The amphoteric compounds thus obtained contain, for example

(a) optionally unhydrolyzed units of the formula I.

(b) vinylamine units and amidine units, wherein the content of amino plus amine groups in the copolymer is at least 5 mol% higher than the content of polymerized acid group-containing monomers, (c) units of an acid group-containing monoethylenically unsaturated group

Monomers and / or their alkali metal, alkaline earth metal or ammonium salts,

(d) 0 to 30 mol% of units of at least one other monoethylenically unsaturated monomer and (e) 0 to 2 mol% of at least one compound having at least two ethylenically unsaturated double bonds in molecule.

The hydrolysis of the copolymers can be carried out in the presence of acids or bases or else enzymatically. In the case of hydrolysis with acids, the vinylamine groups formed from the vinylcarboxamide units are present in salt form. The hydrolysis of vinylcarboxamide copolymers is described in detail in EP-A-0 438 744, page 8, line 20 to page 10, line 3. The statements made there apply correspondingly to the preparation of the amphoteric polymers to be used according to the invention having a total cationic charge.

These polymers have, for example, K values (determined according to H. Fikentscher in 5% aqueous saline solution at pH 7, a polymer concentration of 0.5% by weight and a temperature of 25 ° C.) in the range from 20 to 250, preferably 50 to 150.

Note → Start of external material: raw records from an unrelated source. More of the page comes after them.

(* Let $(c_t)_{t\ge0}$ be a solution to Smoluchowski's equation with multiplicative kernel (in the sense defined in the context) with initial condition $c_0$ satisfying $\langle c_0,m^2\rangle=\sum_{m\ge1}m^2c_0(m)<\infty$. Then $t\mapsto\langle c_t,m^2\rangle$ is bounded in a neighborhood of $0$, i.e. there is $\varepsilon>0$ with $\sup_{t\in[0,\varepsilon]}\sum_{m\ge1}m^2 c_t(m)<\infty$.
   Context: For $f,g:\mathbb{N}\to\mathbb{R}^+$ write $\langle f,g\rangle=\sum_{m\ge1}f(m)g(m)$, and write $m$, $m^2$ for the functions $m\mapsto m$, $m\mapsto m^2$. A family $(c_t(m),m\ge1)_{t\ge0}$ of nonnegative functions, each $t\mapsto c_t(m)$ continuous, is a solution to Smoluchowski's equation with initial condition $c_0\in[0,\infty)^{\mathbb{N}}$ if (i) for every $t\ge0$, $\int_0^t\langle m,c_s\rangle^2\,ds<\infty$, and (ii) for every $t\ge0$ and every $f:\mathbb{N}\to[0,\infty)$ with finite support, \[ \langle c_t,f\rangle-\langle c_0,f\rangle=\frac12\int_0^t\sum_{m,m'\ge1}mm'c_s(m)c_s(m')\big(f(m+m')-f(m)-f(m')\big)\,ds. \] *)

theory Defs
  imports "HOL-Analysis.Analysis"
begin

definition pairing :: "(nat \<Rightarrow> real) \<Rightarrow> (nat \<Rightarrow> real) \<Rightarrow> ennreal" where
  "pairing f g = nn_integral (count_space {1..}) (\<lambda>m. ennreal (f m * g m))"

definition pairing_fin :: "(nat \<Rightarrow> real) \<Rightarrow> (nat \<Rightarrow> real) \<Rightarrow> real" where
  "pairing_fin c f = (\<Sum>m\<in>{m. 1 \<le> m \<and> f m \<noteq> 0}. c m * f m)"

definition coag :: "(nat \<Rightarrow> real) \<Rightarrow> (nat \<Rightarrow> real) \<Rightarrow> real" where
  "coag c f = infsum (\<lambda>(m, m'). real m * real m' * c m * c m' * (f (m + m') - f m - f m'))
                     ({1..} \<times> {1..})"

definition smol_solution :: "(real \<Rightarrow> nat \<Rightarrow> real) \<Rightarrow> bool" where
  "smol_solution c \<longleftrightarrow>
     (\<forall>t\<ge>0. \<forall>m\<ge>1. c t m \<ge> 0) \<and>
     (\<forall>m\<ge>1. continuous_on {0..} (\<lambda>t. c t m)) \<and>
     (\<forall>t\<ge>0. (\<integral>\<^sup>+ s. indicator {0..t} s * (pairing (\<lambda>m. real m) (c s))\<^sup>2 \<partial>lborel) < \<infinity>) \<and>
     (\<forall>t\<ge>0. \<forall>f::nat \<Rightarrow> real. (\<forall>m. f m \<ge> 0) \<and> finite {m. f m \<noteq> 0} \<longrightarrow>
        pairing_fin (c t) f - pairing_fin (c 0) f
          = 1/2 * (LINT s:{0..t}|lborel. coag (c s) f))"

end

theory Submission imports Defs begin

text \<open>Test Smoluchowski's equation against the truncated second moment
  \<open>f\<^sub>n(m) = m\<^sup>2 [m < n]\<close>. Since \<open>(m+m')\<^sup>2 - m\<^sup>2 - m'\<^sup>2 = 2mm'\<close> below the truncation and the
  increment is nonpositive above it, the truncated moment \<open>M\<^sub>n\<close> satisfies
  \<open>M\<^sub>n(t) \<le> M\<^sub>n(0) + \<integral>\<^sub>0\<^sup>t M\<^sub>n(s)\<^sup>2 ds\<close>. A comparison argument for this Riccati-type inequality
  bounds \<open>M\<^sub>n\<close> by \<open>K + 1\<close> on \<open>[0, 1/(2(K+1)\<^sup>2)]\<close>, where \<open>K = \<langle>c\<^sub>0, m\<^sup>2\<rangle>\<close>, uniformly in \<open>n\<close>;
  letting \<open>n \<rightarrow> \<infinity>\<close> bounds the second moment itself.\<close>

lemma continuous_on_first_crossing:
  fixes M :: "real \<Rightarrow> real"
  assumes cont: "continuous_on {a..b} M" and "a \<le> b" and "M a < B" and "B \<le> M b"
  obtains s where "a \<le> s" "s \<le> b" "M s = B" "\<And>y. y \<in> {a..s} \<Longrightarrow> M y \<le> B"
proof -
  define T where "T = {a..b} \<inter> M -` {B..}"
  have "closed T"
    unfolding T_def by (rule continuous_closed_preimage[OF cont]) auto
  moreover have "b \<in> T" using assms by (auto simp: T_def)
  moreover have "bdd_below T" unfolding T_def by (rule bdd_belowI[of _ a]) auto
  ultimately have s_in: "Inf T \<in> T" and s_least: "\<And>x. x \<in> T \<Longrightarrow> Inf T \<le> x"
    using closed_contains_Inf cInf_lower by blast+
  define s where "s = Inf T"
  have s: "a \<le> s" "s \<le> b" "B \<le> M s" using s_in by (auto simp: s_def T_def)
  have "continuous_on {a..s} M" using cont by (rule continuous_on_subset) (use s in auto)
  then obtain x where x: "a \<le> x" "x \<le> s" "M x = B"
    using IVT'[of M a B s] s \<open>M a < B\<close> by force
  then have "x \<in> T" using s by (auto simp: T_def)
  then have crossing: "M s = B" using x s_least[of x] by (simp add: s_def)
  have below: "M y \<le> B" if "y \<in> {a..s}" for y
  proof (cases "y = s")
    case False
    then have "y \<notin> T" using that s_least by (force simp: s_def)
    then show ?thesis using that s by (auto simp: T_def)
  qed (use crossing in simp)
  show thesis using s(1,2) crossing below by (rule that)
qed

lemma riccati_integral_inequality_bound:
  fixes M :: "real \<Rightarrow> real"
  assumes cont: "continuous_on {0..} M"
    and nonneg: "\<And>t. t \<ge> 0 \<Longrightarrow> M t \<ge> 0"
    and ineq: "\<And>t. t \<ge> 0 \<Longrightarrow> M t \<le> M 0 + (LINT s:{0..t}|lborel. (M s)\<^sup>2)"
    and "M 0 \<le> K" "K < B" "0 \<le> t" "t < (B - K) / B\<^sup>2"
  shows "M t \<le> B"
proof (rule ccontr)
  assume "\<not> M t \<le> B"
  have "0 < B" using assms nonneg[of 0] by linarith
  have cont_t: "continuous_on {0..t} M" using cont by (rule continuous_on_subset) auto
  have "M 0 < B" "B \<le> M t" using assms \<open>\<not> M t \<le> B\<close> by linarith+
  then obtain s where s: "0 \<le> s" "s \<le> t" "M s = B"
    and below: "\<And>y. y \<in> {0..s} \<Longrightarrow> M y \<le> B"
    using continuous_on_first_crossing[OF cont_t \<open>0 \<le> t\<close>] by blast
  have cont_s: "continuous_on {0..s} M" using cont by (rule continuous_on_subset) auto
  have "(LINT y:{0..s}|lborel. (M y)\<^sup>2) \<le> (LINT y:{0..s}|lborel. B\<^sup>2)"
  proof (rule set_integral_mono)
    show "set_integrable lborel {0..s} (\<lambda>y. (M y)\<^sup>2)"
      by (intro borel_integrable_atLeastAtMost' continuous_intros cont_s)
    show "set_integrable lborel {0..s} (\<lambda>y. B\<^sup>2)"
      by (intro borel_integrable_atLeastAtMost' continuous_intros)
  next
    fix y assume "y \<in> {0..s}"
    then show "(M y)\<^sup>2 \<le> B\<^sup>2" using below[of y] nonneg[of y] by (simp add: power_mono)
  qed
  also have "\<dots> = s * B\<^sup>2" using s by (simp add: set_integral_const)
  also have "\<dots> \<le> t * B\<^sup>2" using s by (intro mult_right_mono) auto
  also have "\<dots> < B - K" using assms \<open>0 < B\<close> by (simp add: pos_less_divide_eq)
  finally show False using ineq[of s] s assms by linarith
qed

definition sq_trunc :: "nat \<Rightarrow> nat \<Rightarrow> real" where
  "sq_trunc n m = (if m < n then (real m)\<^sup>2 else 0)"

definition moment2_trunc :: "(nat \<Rightarrow> real) \<Rightarrow> nat \<Rightarrow> real" where
  "moment2_trunc d n = (\<Sum>m<n. d m * (real m)\<^sup>2)"

lemma pairing_fin_sq_trunc: "pairing_fin d (sq_trunc n) = moment2_trunc d n"
proof -
  have "{m. 1 \<le> m \<and> sq_trunc n m \<noteq> 0} = {1..<n}" by (auto simp: sq_trunc_def)
  moreover have "(\<Sum>m\<in>{1..<n}. d m * (real m)\<^sup>2) = (\<Sum>m<n. d m * (real m)\<^sup>2)"
    by (rule sum.mono_neutral_left) auto
  ultimately show ?thesis
    unfolding pairing_fin_def moment2_trunc_def by (simp add: sq_trunc_def)
qed

lemma sq_weight_nonneg: "(\<And>m. m \<ge> 1 \<Longrightarrow> d m \<ge> 0) \<Longrightarrow> d k * (real k)\<^sup>2 \<ge> 0"
  by (cases "k = 0") auto

lemma moment2_trunc_nonneg: "(\<And>m. m \<ge> 1 \<Longrightarrow> d m \<ge> 0) \<Longrightarrow> moment2_trunc d n \<ge> 0"
  unfolding moment2_trunc_def by (intro sum_nonneg sq_weight_nonneg)

lemma pairing_sq_eq_SUP_moment2_trunc:
  assumes "\<And>m. m \<ge> 1 \<Longrightarrow> d m \<ge> 0"
  shows "pairing d (\<lambda>m. (real m)\<^sup>2) = (SUP n. ennreal (moment2_trunc d n))"
proof -
  have "(\<Sum>i<n. ennreal (d i * (real i)\<^sup>2) * indicator {1..} i) = ennreal (moment2_trunc d n)" for n
  proof -
    have "(\<Sum>i<n. ennreal (d i * (real i)\<^sup>2) * indicator {1..} i) = (\<Sum>i<n. ennreal (d i * (real i)\<^sup>2))"
      by (intro sum.cong refl) (auto simp: indicator_def Suc_le_eq)
    also have "\<dots> = ennreal (moment2_trunc d n)"
      unfolding moment2_trunc_def by (subst sum_ennreal) (auto intro: sq_weight_nonneg assms)
    finally show ?thesis .
  qed
  then show ?thesis
    unfolding pairing_def
    by (simp add: nn_integral_count_space_indicator nn_integral_count_space_nat suminf_eq_SUP)
qed

lemma moment2_trunc_le_pairing:
  assumes "\<And>m. m \<ge> 1 \<Longrightarrow> d m \<ge> 0"
  shows "ennreal (moment2_trunc d n) \<le> pairing d (\<lambda>m. (real m)\<^sup>2)"
proof -
  have "ennreal (moment2_trunc d n) \<le> (SUP n. ennreal (moment2_trunc d n))"
    by (rule SUP_upper) simp
  then show ?thesis using pairing_sq_eq_SUP_moment2_trunc[OF assms] by simp
qed

lemma coag_sq_trunc_le:
  assumes nonneg: "\<And>m. m \<ge> 1 \<Longrightarrow> d m \<ge> 0"
  shows "coag d (sq_trunc n) \<le> 2 * (moment2_trunc d n)\<^sup>2"
proof -
  define h where "h = (\<lambda>(m, m'). real m * real m' * d m * d m' *
                                  (sq_trunc n (m + m') - sq_trunc n m - sq_trunc n m'))"
  define g where "g = (\<lambda>(m::nat, m'::nat). 2 * (d m * (real m)\<^sup>2) * (d m' * (real m')\<^sup>2))"
  have h_le: "h (m, m') \<le> (if m + m' < n then g (m, m') else 0)" if "m \<ge> 1" "m' \<ge> 1" for m m'
  proof (cases "m + m' < n")
    case True
    then have "sq_trunc n (m + m') - sq_trunc n m - sq_trunc n m' = 2 * real m * real m'"
      by (auto simp: sq_trunc_def power2_eq_square algebra_simps)
    with True show ?thesis by (simp add: h_def g_def power2_eq_square algebra_simps)
  next
    case False
    then have "sq_trunc n (m + m') - sq_trunc n m - sq_trunc n m' \<le> 0"
      by (auto simp: sq_trunc_def)
    moreover have "real m * real m' * d m * d m' \<ge> 0" using nonneg that by simp
    ultimately show ?thesis using False by (simp add: h_def mult_nonneg_nonpos)
  qed
  have g_nonneg: "g x \<ge> 0" for x
  proof -
    obtain m m' where "x = (m, m')" by (cases x)
    moreover have "\<And>k. d k * (real k)\<^sup>2 \<ge> 0" using nonneg by (rule sq_weight_nonneg)
    ultimately show ?thesis by (simp add: g_def)
  qed
  show ?thesis
  proof (cases "h summable_on {1..} \<times> {1..}")
    case False
    then show ?thesis
      unfolding coag_def h_def[symmetric] by (simp add: infsum_not_exists)
  next
    case True
    have "coag d (sq_trunc n) \<le> infsum g ({..<n} \<times> {..<n})"
      unfolding coag_def h_def[symmetric]
    proof (rule infsum_mono_neutral[OF True])
      fix x assume x: "x \<in> {1..} \<times> {1..} \<inter> {..<n} \<times> {..<n}"
      obtain m m' where [simp]: "x = (m, m')" by (cases x)
      show "h x \<le> g x" using g_nonneg[of x] x h_le[of m m'] by (auto split: if_splits)
    next
      fix x assume x: "x \<in> {1..} \<times> {1..} - {..<n} \<times> {..<n}"
      obtain m m' where [simp]: "x = (m, m')" by (cases x)
      show "h x \<le> 0" using x h_le[of m m'] by auto
    next
      fix x show "0 \<le> g x" by (rule g_nonneg)
    qed simp
    also have "\<dots> = (\<Sum>m<n. \<Sum>m'<n. 2 * (d m * (real m)\<^sup>2) * (d m' * (real m')\<^sup>2))"
      by (simp add: g_def sum.cartesian_product)
    also have "\<dots> = 2 * ((\<Sum>m<n. d m * (real m)\<^sup>2) * (\<Sum>m'<n. d m' * (real m')\<^sup>2))"
      by (subst sum_product) (simp only: sum_distrib_left mult.assoc)
    also have "\<dots> = 2 * (moment2_trunc d n)\<^sup>2"
      by (simp add: moment2_trunc_def power2_eq_square)
    finally show ?thesis .
  qed
qed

The cationic homopolymers and copolymers can be prepared by solution, precipitation, suspension or emulsion polymerization. Preference is given to solution polymerization in aqueous media. Suitable aqueous media are water and mixtures of water and at least one water-miscible solvent, e.g. As an alcohol such as methanol, ethanol, n-propanol, etc.

The polymerization temperatures are preferably in a range of about 30 to 200 ⁰ C, particularly preferably 40 to 110 ⁰ C. The polymerization is usually carried out under atmospheric pressure but it can also proceed under reduced or elevated pressure ER. A suitable pressure range is between 0.1 and 5 bar. To prepare the polymers, the monomers can be polymerized by means of free-radical initiators.

As initiators for the radical polymerization, the peroxo and / or azo compounds customary for this purpose can be used, for example alkali metal or ammonium peroxydisulfates, diacetyl peroxide, dibenzoyl peroxide, succinyl peroxide, di-tert-butyl peroxide, tert-butyl perbenzoate, tert. Butyl perpivalate, tert-butyl peroxy-2-ethylhexanoate, tert-butyl permalate, cumene hydroperoxide, diisopropyl peroxidicarbamate, bis (o-toluoyl) peroxide, didecanoyl peroxide, dioctanoyl peroxide, dilauroyl peroxide, tert-butyl perisobutyrate, tert-butyl peracetate, di- tert-amyl peroxide, tert-butyl hydroperoxide, azo-bis-isobutyronitrile, azo-bis (2-amidinopropane) dihydrochloride or 2-2'-azobis (2-methyl-butyronitrile). Also suitable are initiator mixtures or redox initiator systems, e.g. Ascorbic acid / iron (II) sulfate / sodium peroxodisulfate, tert-butyl hydroperoxide / sodium disulfite, tert-butyl hydroperoxide / sodium hydroxymethanesulfinate, H2O2 / CU-I or iron-II compounds.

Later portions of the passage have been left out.